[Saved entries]
———

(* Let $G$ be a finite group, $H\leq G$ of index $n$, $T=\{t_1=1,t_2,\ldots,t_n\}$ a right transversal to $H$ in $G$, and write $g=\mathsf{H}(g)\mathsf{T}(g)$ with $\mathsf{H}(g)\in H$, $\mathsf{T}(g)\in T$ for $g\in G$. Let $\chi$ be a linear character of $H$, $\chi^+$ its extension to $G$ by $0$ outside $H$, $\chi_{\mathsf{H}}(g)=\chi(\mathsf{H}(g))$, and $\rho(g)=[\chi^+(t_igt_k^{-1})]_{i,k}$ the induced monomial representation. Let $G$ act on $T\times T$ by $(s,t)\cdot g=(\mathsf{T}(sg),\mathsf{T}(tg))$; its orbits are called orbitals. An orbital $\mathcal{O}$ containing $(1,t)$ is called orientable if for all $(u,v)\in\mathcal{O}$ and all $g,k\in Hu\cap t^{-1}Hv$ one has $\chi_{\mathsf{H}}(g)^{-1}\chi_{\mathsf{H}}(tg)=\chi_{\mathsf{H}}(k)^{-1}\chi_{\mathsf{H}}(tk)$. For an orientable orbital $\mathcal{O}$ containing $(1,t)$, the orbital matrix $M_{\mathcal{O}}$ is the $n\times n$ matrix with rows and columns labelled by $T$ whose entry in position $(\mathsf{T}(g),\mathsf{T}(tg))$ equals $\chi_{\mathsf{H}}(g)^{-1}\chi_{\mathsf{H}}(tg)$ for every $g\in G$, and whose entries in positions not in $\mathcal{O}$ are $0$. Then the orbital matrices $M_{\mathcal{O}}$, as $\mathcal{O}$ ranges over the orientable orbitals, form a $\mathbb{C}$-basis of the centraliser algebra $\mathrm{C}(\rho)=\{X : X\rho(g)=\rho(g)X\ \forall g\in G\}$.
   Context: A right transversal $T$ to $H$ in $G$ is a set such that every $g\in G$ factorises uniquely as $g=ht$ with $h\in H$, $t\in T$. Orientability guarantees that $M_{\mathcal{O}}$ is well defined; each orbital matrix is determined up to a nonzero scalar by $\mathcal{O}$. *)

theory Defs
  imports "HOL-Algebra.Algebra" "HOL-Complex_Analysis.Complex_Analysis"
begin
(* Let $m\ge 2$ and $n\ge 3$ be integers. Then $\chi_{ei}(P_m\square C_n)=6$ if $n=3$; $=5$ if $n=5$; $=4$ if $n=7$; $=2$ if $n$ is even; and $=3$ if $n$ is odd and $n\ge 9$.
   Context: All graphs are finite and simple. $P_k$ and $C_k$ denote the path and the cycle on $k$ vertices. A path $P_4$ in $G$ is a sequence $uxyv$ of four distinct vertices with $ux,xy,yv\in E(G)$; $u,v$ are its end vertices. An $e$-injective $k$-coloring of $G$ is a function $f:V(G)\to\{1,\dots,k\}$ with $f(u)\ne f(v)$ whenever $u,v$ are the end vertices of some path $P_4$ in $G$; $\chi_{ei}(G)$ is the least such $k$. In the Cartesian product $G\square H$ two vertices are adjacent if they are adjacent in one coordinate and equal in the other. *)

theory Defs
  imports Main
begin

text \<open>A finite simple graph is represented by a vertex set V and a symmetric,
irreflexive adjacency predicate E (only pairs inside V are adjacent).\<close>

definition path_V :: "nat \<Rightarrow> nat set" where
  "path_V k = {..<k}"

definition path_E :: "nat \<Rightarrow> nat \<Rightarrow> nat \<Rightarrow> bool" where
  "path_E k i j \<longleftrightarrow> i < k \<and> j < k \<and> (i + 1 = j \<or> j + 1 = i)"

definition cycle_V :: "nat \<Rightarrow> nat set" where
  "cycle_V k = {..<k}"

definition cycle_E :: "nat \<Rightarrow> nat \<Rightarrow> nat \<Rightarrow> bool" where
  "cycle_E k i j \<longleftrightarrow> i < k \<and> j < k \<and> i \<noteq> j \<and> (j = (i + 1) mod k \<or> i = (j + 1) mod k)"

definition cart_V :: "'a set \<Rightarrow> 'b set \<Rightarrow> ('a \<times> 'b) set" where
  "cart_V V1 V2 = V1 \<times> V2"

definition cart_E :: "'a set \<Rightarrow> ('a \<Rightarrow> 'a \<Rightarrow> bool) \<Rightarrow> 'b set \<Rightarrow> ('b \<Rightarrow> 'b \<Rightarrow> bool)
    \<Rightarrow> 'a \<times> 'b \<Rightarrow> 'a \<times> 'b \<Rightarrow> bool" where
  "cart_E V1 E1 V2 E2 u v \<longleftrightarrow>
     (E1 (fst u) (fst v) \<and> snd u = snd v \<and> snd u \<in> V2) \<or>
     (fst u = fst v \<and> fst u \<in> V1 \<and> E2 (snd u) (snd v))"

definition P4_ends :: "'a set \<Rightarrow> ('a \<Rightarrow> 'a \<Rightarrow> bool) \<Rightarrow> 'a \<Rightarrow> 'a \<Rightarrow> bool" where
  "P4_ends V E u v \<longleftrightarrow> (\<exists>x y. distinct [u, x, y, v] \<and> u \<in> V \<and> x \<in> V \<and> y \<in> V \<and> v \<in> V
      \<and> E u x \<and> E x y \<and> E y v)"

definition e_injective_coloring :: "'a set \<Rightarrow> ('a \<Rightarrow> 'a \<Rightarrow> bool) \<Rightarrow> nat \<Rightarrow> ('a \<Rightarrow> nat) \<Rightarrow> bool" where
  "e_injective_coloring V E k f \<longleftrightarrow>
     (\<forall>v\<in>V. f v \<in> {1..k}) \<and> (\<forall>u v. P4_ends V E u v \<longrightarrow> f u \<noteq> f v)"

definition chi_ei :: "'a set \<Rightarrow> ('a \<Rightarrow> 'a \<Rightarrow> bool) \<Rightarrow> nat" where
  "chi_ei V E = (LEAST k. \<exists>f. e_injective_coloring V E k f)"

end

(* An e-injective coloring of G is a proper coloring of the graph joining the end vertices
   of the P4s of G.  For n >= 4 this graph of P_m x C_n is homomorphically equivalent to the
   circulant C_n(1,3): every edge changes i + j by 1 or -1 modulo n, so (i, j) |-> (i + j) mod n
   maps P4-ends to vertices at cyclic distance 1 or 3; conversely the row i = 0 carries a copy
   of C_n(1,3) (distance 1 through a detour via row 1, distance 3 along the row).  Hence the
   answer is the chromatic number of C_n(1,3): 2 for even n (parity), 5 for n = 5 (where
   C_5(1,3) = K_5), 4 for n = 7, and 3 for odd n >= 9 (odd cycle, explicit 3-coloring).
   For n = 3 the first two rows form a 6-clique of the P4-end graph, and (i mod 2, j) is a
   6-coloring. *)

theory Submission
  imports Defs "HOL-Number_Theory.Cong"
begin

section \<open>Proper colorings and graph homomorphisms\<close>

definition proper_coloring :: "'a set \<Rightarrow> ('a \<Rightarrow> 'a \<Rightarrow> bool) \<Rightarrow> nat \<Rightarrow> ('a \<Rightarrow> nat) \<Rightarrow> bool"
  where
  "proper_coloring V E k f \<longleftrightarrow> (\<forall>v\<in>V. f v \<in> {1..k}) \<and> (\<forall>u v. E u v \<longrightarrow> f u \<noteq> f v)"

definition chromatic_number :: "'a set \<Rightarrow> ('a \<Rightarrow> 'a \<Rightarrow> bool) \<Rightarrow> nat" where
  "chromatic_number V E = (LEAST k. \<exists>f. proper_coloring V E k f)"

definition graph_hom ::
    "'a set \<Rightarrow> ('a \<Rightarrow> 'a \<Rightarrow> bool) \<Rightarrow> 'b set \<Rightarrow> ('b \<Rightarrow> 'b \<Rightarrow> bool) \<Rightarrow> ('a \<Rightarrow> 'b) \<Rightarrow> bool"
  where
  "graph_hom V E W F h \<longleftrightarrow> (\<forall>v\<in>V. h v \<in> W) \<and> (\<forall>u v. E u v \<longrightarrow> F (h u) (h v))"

———

Take the line above containing "V \<and> v \<in> V", the line containing "of the P4s of", and all lines in between, and copy them exactly without anything else.

  "P4_ends V E u v \<longleftrightarrow> (\<exists>x y. distinct [u, x, y, v] \<and> u \<in> V \<and> x \<in> V \<and> y \<in> V \<and> v \<in> V
      \<and> E u x \<and> E x y \<and> E y v)"

definition e_injective_coloring :: "'a set \<Rightarrow> ('a \<Rightarrow> 'a \<Rightarrow> bool) \<Rightarrow> nat \<Rightarrow> ('a \<Rightarrow> nat) \<Rightarrow> bool" where
  "e_injective_coloring V E k f \<longleftrightarrow>
     (\<forall>v\<in>V. f v \<in> {1..k}) \<and> (\<forall>u v. P4_ends V E u v \<longrightarrow> f u \<noteq> f v)"

definition chi_ei :: "'a set \<Rightarrow> ('a \<Rightarrow> 'a \<Rightarrow> bool) \<Rightarrow> nat" where
  "chi_ei V E = (LEAST k. \<exists>f. e_injective_coloring V E k f)"

end

(* An e-injective coloring of G is a proper coloring of the graph joining the end vertices
   of the P4s of G.  For n >= 4 this graph of P_m x C_n is homomorphically equivalent to the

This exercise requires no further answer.